## About this task
Nothing but a number should be given: how many lines of the records include "definition"?

[Input data — start]

lemma taylor_coeff_mult_z:
  assumes "g holomorphic_on ball 0 1"
  shows "taylor_coeff (\<lambda>z. z * g z) k = rshift (taylor_coeff g) k"
proof (rule taylor_coeff_eqI)
  fix z :: complex assume "z \<in> ball 0 1"
  hence "(\<lambda>n. z * (taylor_coeff g n * z ^ n)) sums (z * g z)"
    by (intro sums_mult sums_taylor_coeff assms)
  hence "(\<lambda>n. rshift (taylor_coeff g) (Suc n) * z ^ Suc n) sums (z * g z)"
    by (simp add: rshift_def mult_ac)
  thus "(\<lambda>n. rshift (taylor_coeff g) n * z ^ n) sums (z * g z)"
    by (subst (asm) sums_Suc_iff) (simp add: rshift_def)
qed

lemma taylor_coeff_Suc_eqI:
  assumes "g holomorphic_on ball 0 1" "\<And>z. z \<in> ball 0 1 \<Longrightarrow> f z = c + z * g z"
  shows "taylor_coeff f (Suc m) = taylor_coeff g m"
proof -
  have "taylor_coeff f (Suc m) = taylor_coeff (\<lambda>z. c + z * g z) (Suc m)"
    using taylor_coeff_cong[of f "\<lambda>z. c + z * g z"] assms(2) by simp
  also have "\<dots> = taylor_coeff (\<lambda>z. c) (Suc m) + taylor_coeff (\<lambda>z. z * g z) (Suc m)"
    by (rule taylor_coeff_add) (auto intro!: holomorphic_intros assms(1))
  also have "\<dots> = taylor_coeff g m"
    by (simp add: taylor_coeff_mult_z[OF assms(1)] taylor_coeff_const rshift_def)
  finally show ?thesis .
qed

section \<open>The Hardy space\<close>

lemma hardy2_iff:
  "f \<in> hardy2 \<longleftrightarrow> f holomorphic_on ball 0 1 \<and> square_summable (taylor_coeff f)"
  by (simp add: hardy2_def square_summable_def)

lemma hardy2_holomorphic: "f \<in> hardy2 \<Longrightarrow> f holomorphic_on ball 0 1"
  by (simp add: hardy2_iff)

lemma hardy2_square_summable: "f \<in> hardy2 \<Longrightarrow> square_summable (taylor_coeff f)"
  by (simp add: hardy2_iff)

lemma summable_h2_inner:
  "f \<in> hardy2 \<Longrightarrow> g \<in> hardy2 \<Longrightarrow> summable (\<lambda>k. taylor_coeff f k * cnj (taylor_coeff g k))"
  by (intro summable_mult_cnj hardy2_square_summable)

lemma hardy2_add:
  assumes "f \<in> hardy2" "g \<in> hardy2"
  shows "(\<lambda>z. f z + g z) \<in> hardy2"
proof -
  have "taylor_coeff (\<lambda>z. f z + g z) = (\<lambda>k. taylor_coeff f k + taylor_coeff g k)"
    using assms by (auto simp: taylor_coeff_add hardy2_holomorphic)
  thus ?thesis using assms by (simp add: hardy2_iff square_summable_add holomorphic_intros)
qed

lemma hardy2_diff:
  assumes "f \<in> hardy2" "g \<in> hardy2"
  shows "(\<lambda>z. f z - g z) \<in> hardy2"
proof -
  have "taylor_coeff (\<lambda>z. f z - g z) = (\<lambda>k. taylor_coeff f k - taylor_coeff g k)"
    using assms by (auto simp: taylor_coeff_diff hardy2_holomorphic)
  thus ?thesis using assms by (simp add: hardy2_iff square_summable_diff holomorphic_intros)
qed

lemma hardy2_cmult:
  assumes "f \<in> hardy2"
  shows "(\<lambda>z. c * f z) \<in> hardy2"
proof -
  have "taylor_coeff (\<lambda>z. c * f z) = (\<lambda>k. c * taylor_coeff f k)"
    using assms by (auto simp: taylor_coeff_cmult hardy2_holomorphic)
  thus ?thesis using assms by (simp add: hardy2_iff square_summable_cmult holomorphic_intros)
qed

lemma hardy2_sum:
  "finite A \<Longrightarrow> (\<And>i. i \<in> A \<Longrightarrow> f i \<in> hardy2) \<Longrightarrow> (\<lambda>z. \<Sum>i\<in>A. c i * f i z) \<in> hardy2"
proof (induction A rule: finite_induct)
  case empty
  show ?case by (simp add: hardy2_iff taylor_coeff_const square_summable_def)
next
  case (insert x F)
  have "(\<lambda>z. c x * f x z + (\<Sum>i\<in>F. c i * f i z)) \<in> hardy2"
    using insert by (intro hardy2_add hardy2_cmult) auto
  thus ?case using insert by simp
qed

lemma h2_inner_cong:
  assumes "\<And>z. z \<in> ball 0 1 \<Longrightarrow> f z = f' z" "\<And>z. z \<in> ball 0 1 \<Longrightarrow> g z = g' z"
  shows "h2_inner f g = h2_inner f' g'"
  unfolding h2_inner_def using taylor_coeff_cong[OF assms(1)] taylor_coeff_cong[OF assms(2)] by simp

lemma h2_inner_add_left:
  assumes "f \<in> hardy2" "g \<in> hardy2" "h \<in> hardy2"
  shows "h2_inner (\<lambda>z. f z + g z) h = h2_inner f h + h2_inner g h"
  unfolding h2_inner_def using assms
  by (simp add: taylor_coeff_add hardy2_holomorphic distrib_right
      suminf_add[OF summable_h2_inner summable_h2_inner])

lemma h2_inner_diff_left:
  assumes "f \<in> hardy2" "g \<in> hardy2" "h \<in> hardy2"
  shows "h2_inner (\<lambda>z. f z - g z) h = h2_inner f h - h2_inner g h"
  unfolding h2_inner_def using assms
  by (simp add: taylor_coeff_diff hardy2_holomorphic left_diff_distrib
      suminf_diff[OF summable_h2_inner summable_h2_inner])

lemma h2_inner_cmult_left:
  assumes "f \<in> hardy2" "g \<in> hardy2"
  shows "h2_inner (\<lambda>z. c * f z) g = c * h2_inner f g"
  unfolding h2_inner_def using assms
  by (simp add: taylor_coeff_cmult hardy2_holomorphic mult.assoc suminf_mult[OF summable_h2_inner])

lemma suminf_cnj: "summable f \<Longrightarrow> (\<Sum>n. cnj (f n)) = cnj (suminf f)"
  by (rule sums_unique[symmetric]) (simp add: sums_cnj summable_sums)

lemma h2_inner_commute:
  assumes "f \<in> hardy2" "g \<in> hardy2"
  shows "h2_inner f g = cnj (h2_inner g f)"
  unfolding h2_inner_def using suminf_cnj[OF summable_h2_inner[OF assms(2,1)]]
  by (simp add: mult.commute)

lemma h2_inner_cmult_right:
  assumes "f \<in> hardy2" "g \<in> hardy2"
  shows "h2_inner f (\<lambda>z. c * g z) = cnj c * h2_inner f g"
  using h2_inner_commute[of f "\<lambda>z. c * g z"] h2_inner_cmult_left[OF assms(2,1), of c]
    h2_inner_commute[OF assms] hardy2_cmult[OF assms(2)] assms by simp

lemma h2_inner_sum_left:
  assumes "finite A" "\<And>i. i \<in> A \<Longrightarrow> f i \<in> hardy2" "g \<in> hardy2"
  shows "h2_inner (\<lambda>z. \<Sum>i\<in>A. c i * f i z) g = (\<Sum>i\<in>A. c i * h2_inner (f i) g)"
proof -
  have "h2_inner (\<lambda>z. \<Sum>i\<in>A. c i * f i z) g
      = (\<Sum>k. \<Sum>i\<in>A. c i * (taylor_coeff (f i) k * cnj (taylor_coeff g k)))"
    unfolding h2_inner_def using assms
    by (simp add: taylor_coeff_sum hardy2_holomorphic sum_distrib_right mult.assoc)
  also have "\<dots> = (\<Sum>i\<in>A. \<Sum>k. c i * (taylor_coeff (f i) k * cnj (taylor_coeff g k)))"
    by (rule suminf_sum) (intro summable_mult summable_h2_inner assms; simp)
  also have "\<dots> = (\<Sum>i\<in>A. c i * h2_inner (f i) g)"
    unfolding h2_inner_def by (intro sum.cong refl) (simp add: suminf_mult summable_h2_inner assms)
  finally show ?thesis .
qed

lemma h2_inner_self_eq_0_imp_zero:
  assumes "f \<in> hardy2" "h2_inner f f = 0" "z \<in> ball 0 1"
  shows "f z = 0"
proof -
  have S: "summable (\<lambda>k. (cmod (taylor_coeff f k))\<^sup>2)"
    using hardy2_square_summable[OF assms(1)] by (simp add: square_summable_def)
  have "h2_inner f f = of_real (\<Sum>k. (cmod (taylor_coeff f k))\<^sup>2)"
    unfolding h2_inner_def complex_norm_square[symmetric] by (rule suminf_of_real[OF S, symmetric])
  hence "\<forall>k. taylor_coeff f k = 0" using assms(2) suminf_eq_zero_iff[OF S] by simp
  hence "(\<lambda>n. 0) sums f z"
    using sums_taylor_coeff[OF hardy2_holomorphic[OF assms(1)] assms(3)] by simp
  thus ?thesis using sums_zero sums_unique2 by blast
qed

lemma holomorphic_bshift:
  assumes "f holomorphic_on ball 0 1"
  shows "bshift f holomorphic_on ball 0 1"
proof -
  have "bshift f = (\<lambda>z. if z = 0 then deriv f 0 else (f z - f 0) / (z - 0))"
    by (auto simp: bshift_def)
  with pole_lemma_open[OF assms open_ball, of 0] show ?thesis by simp
qed

lemma taylor_coeff_bshift:
  assumes "f holomorphic_on ball 0 1"
  shows "taylor_coeff (bshift f) m = taylor_coeff f (Suc m)"
  by (rule taylor_coeff_Suc_eqI[symmetric, where c = "f 0"])
    (auto simp: bshift_def intro: holomorphic_bshift assms)

lemma hardy2_bshift:
  assumes "f \<in> hardy2"
  shows "bshift f \<in> hardy2"
proof -
  have "taylor_coeff (bshift f) = (\<lambda>k. taylor_coeff f (Suc k))"
    using assms by (auto simp: taylor_coeff_bshift hardy2_holomorphic)
  thus ?thesis using assms by (simp add: hardy2_iff holomorphic_bshift square_summable_Suc)
qed

definition szego_kernel :: "complex \<Rightarrow> complex \<Rightarrow> complex" where
  "szego_kernel w z = 1 / (1 - cnj w * z)"

lemma sums_szego_kernel:
  assumes "cmod w < 1" "z \<in> ball 0 1"
  shows "(\<lambda>n. cnj w ^ n * z ^ n) sums szego_kernel w z"
proof -
  have "cmod (cnj w * z) < 1"
    using assms by (simp add: norm_mult) (metis mult_strict_mono' norm_ge_zero mult_1_left
        less_le_trans order.strict_implies_order mult_le_one)
  from geometric_sums[OF this] show ?thesis by (simp add: szego_kernel_def power_mult_distrib)
qed

lemma hardy2_szego_kernel: "cmod w < 1 \<Longrightarrow> szego_kernel w \<in> hardy2"
proof -
  assume w: "cmod w < 1"
  have "summable (\<lambda>n. (cmod w ^ 2) ^ n)"
    using w by (intro summable_geometric) (simp add: power_less_one_iff)
  moreover have "taylor_coeff (szego_kernel w) n = cnj w ^ n" for n
    using w by (intro taylor_coeff_eqI sums_szego_kernel)
  ultimately show ?thesis
    using w holomorphic_on_ball_if_sums[OF sums_szego_kernel[OF w]]
    by (simp add: hardy2_iff square_summable_def norm_power power_mult[symmetric] mult.commute)
qed

lemma h2_inner_szego_kernel:
  assumes "f holomorphic_on ball 0 1" "cmod w < 1"
  shows "h2_inner f (szego_kernel w) = f w"
proof -
  have "taylor_coeff (szego_kernel w) n = cnj w ^ n" for n
    using assms(2) by (intro taylor_coeff_eqI sums_szego_kernel)
  thus ?thesis
    using sums_taylor_coeff[OF assms(1), of w] assms(2) by (simp add: h2_inner_def sums_iff)
qed

section \<open>Blaschke factors\<close>

definition blaschke :: "complex \<Rightarrow> complex \<Rightarrow> complex" where
  "blaschke a z = (z - a) / (1 - cnj a * z)"

lemma blaschke_pow_eq: "blaschke_pow a n = (\<lambda>z. blaschke a z ^ n)"
  by (simp add: blaschke_pow_def blaschke_def fun_eq_iff)

lemma blaschke_denom_nonzero: "cmod a < 1 \<Longrightarrow> z \<in> ball 0 1 \<Longrightarrow> 1 - cnj a * z \<noteq> 0"
proof
  assume "cmod a < 1" "z \<in> ball 0 1" "1 - cnj a * z = 0"
  hence "cmod a * cmod z = 1" by (metis complex_mod_cnj norm_mult norm_one right_minus_eq)
  moreover have "cmod a * cmod z \<le> cmod a" using \<open>z \<in> ball 0 1\<close> by (intro mult_left_le) auto
  ultimately show False using \<open>cmod a < 1\<close> by simp
qed

lemma holomorphic_blaschke: "cmod a < 1 \<Longrightarrow> blaschke a holomorphic_on ball 0 1"
  unfolding blaschke_def[abs_def] by (intro holomorphic_intros) (auto dest: blaschke_denom_nonzero)

text \<open>U is the coefficient sequence of f / (1 - cnj a z).\<close>
lemma blaschke_mult_taylor_coeff:
  assumes a: "cmod a < 1" and f: "f \<in> hardy2"
  obtains U where "square_summable U" "\<And>k. taylor_coeff f k = U k - cnj a * rshift U k"
    "\<And>k. taylor_coeff (\<lambda>z. blaschke a z * f z) k = rshift U k - a * U k"
proof -
  define u where "u = (\<lambda>z. f z / (1 - cnj a * z))"
  have uh: "u holomorphic_on ball 0 1" unfolding u_def
    by (intro holomorphic_intros hardy2_holomorphic f) (metis blaschke_denom_nonzero[OF a])
  have coeff_f: "taylor_coeff f k = taylor_coeff u k - cnj a * rshift (taylor_coeff u) k" for k
  proof -
    have "taylor_coeff f k = taylor_coeff (\<lambda>z. u z - cnj a * (z * u z)) k"
    proof (rule fun_cong[OF taylor_coeff_cong])
      fix z :: complex assume "z \<in> ball 0 1"
      have "u z - cnj a * (z * u z) = (1 - cnj a * z) * u z" by (simp add: algebra_simps)
      with blaschke_denom_nonzero[OF a \<open>z \<in> ball 0 1\<close>]
      show "f z = u z - cnj a * (z * u z)" by (simp add: u_def)
    qed
    also have "\<dots> = taylor_coeff u k - taylor_coeff (\<lambda>z. cnj a * (z * u z)) k"
      by (rule taylor_coeff_diff) (intro holomorphic_intros uh)+
    finally show ?thesis
      by (simp add: taylor_coeff_cmult taylor_coeff_mult_z uh holomorphic_intros)
  qed
  have coeff_bf: "taylor_coeff (\<lambda>z. blaschke a z * f z) k = rshift (taylor_coeff u) k - a * taylor_coeff u k" for k
  proof -
    have "taylor_coeff (\<lambda>z. blaschke a z * f z) k = taylor_coeff (\<lambda>z. z * u z - a * u z) k"
      by (rule fun_cong[OF taylor_coeff_cong]) (simp add: u_def blaschke_def diff_divide_distrib left_diff_distrib)
    also have "\<dots> = taylor_coeff (\<lambda>z. z * u z) k - taylor_coeff (\<lambda>z. a * u z) k"
      by (rule taylor_coeff_diff) (intro holomorphic_intros uh)+
    finally show ?thesis by (simp add: taylor_coeff_cmult[OF uh] taylor_coeff_mult_z[OF uh])
  qed
  have "square_summable (taylor_coeff u)"
    by (rule square_summable_forward_recurrence[OF hardy2_square_summable[OF f], of "cnj a"])
      (use a coeff_f in auto)
  thus ?thesis using that coeff_f coeff_bf by blast
qed

lemma hardy2_blaschke_mult:
  assumes a: "cmod a < 1" and f: "f \<in> hardy2"
  shows "(\<lambda>z. blaschke a z * f z) \<in> hardy2"
proof -
  obtain U where U: "square_summable U"
    "\<And>k. taylor_coeff (\<lambda>z. blaschke a z * f z) k = rshift U k - a * U k"
    using blaschke_mult_taylor_coeff[OF a f] by metis
  hence "taylor_coeff (\<lambda>z. blaschke a z * f z) = (\<lambda>k. rshift U k - a * U k)" by auto
  moreover have "(\<lambda>z. blaschke a z * f z) holomorphic_on ball 0 1"
    by (intro holomorphic_on_mult holomorphic_blaschke a hardy2_holomorphic f)
  ultimately show ?thesis using U(1)
    by (simp add: hardy2_iff square_summable_diff square_summable_cmult square_summable_rshift_iff)
qed

lemma sums_rshift_mult_cnj:
  assumes "summable (\<lambda>n. U n * cnj (V n))"
  shows "(\<lambda>n. rshift U n * cnj (rshift V n)) sums (\<Sum>n. U n * cnj (V n))"
proof -
  have "(\<lambda>n. rshift U (Suc n) * cnj (rshift V (Suc n))) sums (\<Sum>n. U n * cnj (V n))"
    using summable_sums[OF assms] by (simp add: rshift_def)
  thus ?thesis by (subst (asm) sums_Suc_iff) (simp add: rshift_def)
qed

[Input data — finish]

## Written response
2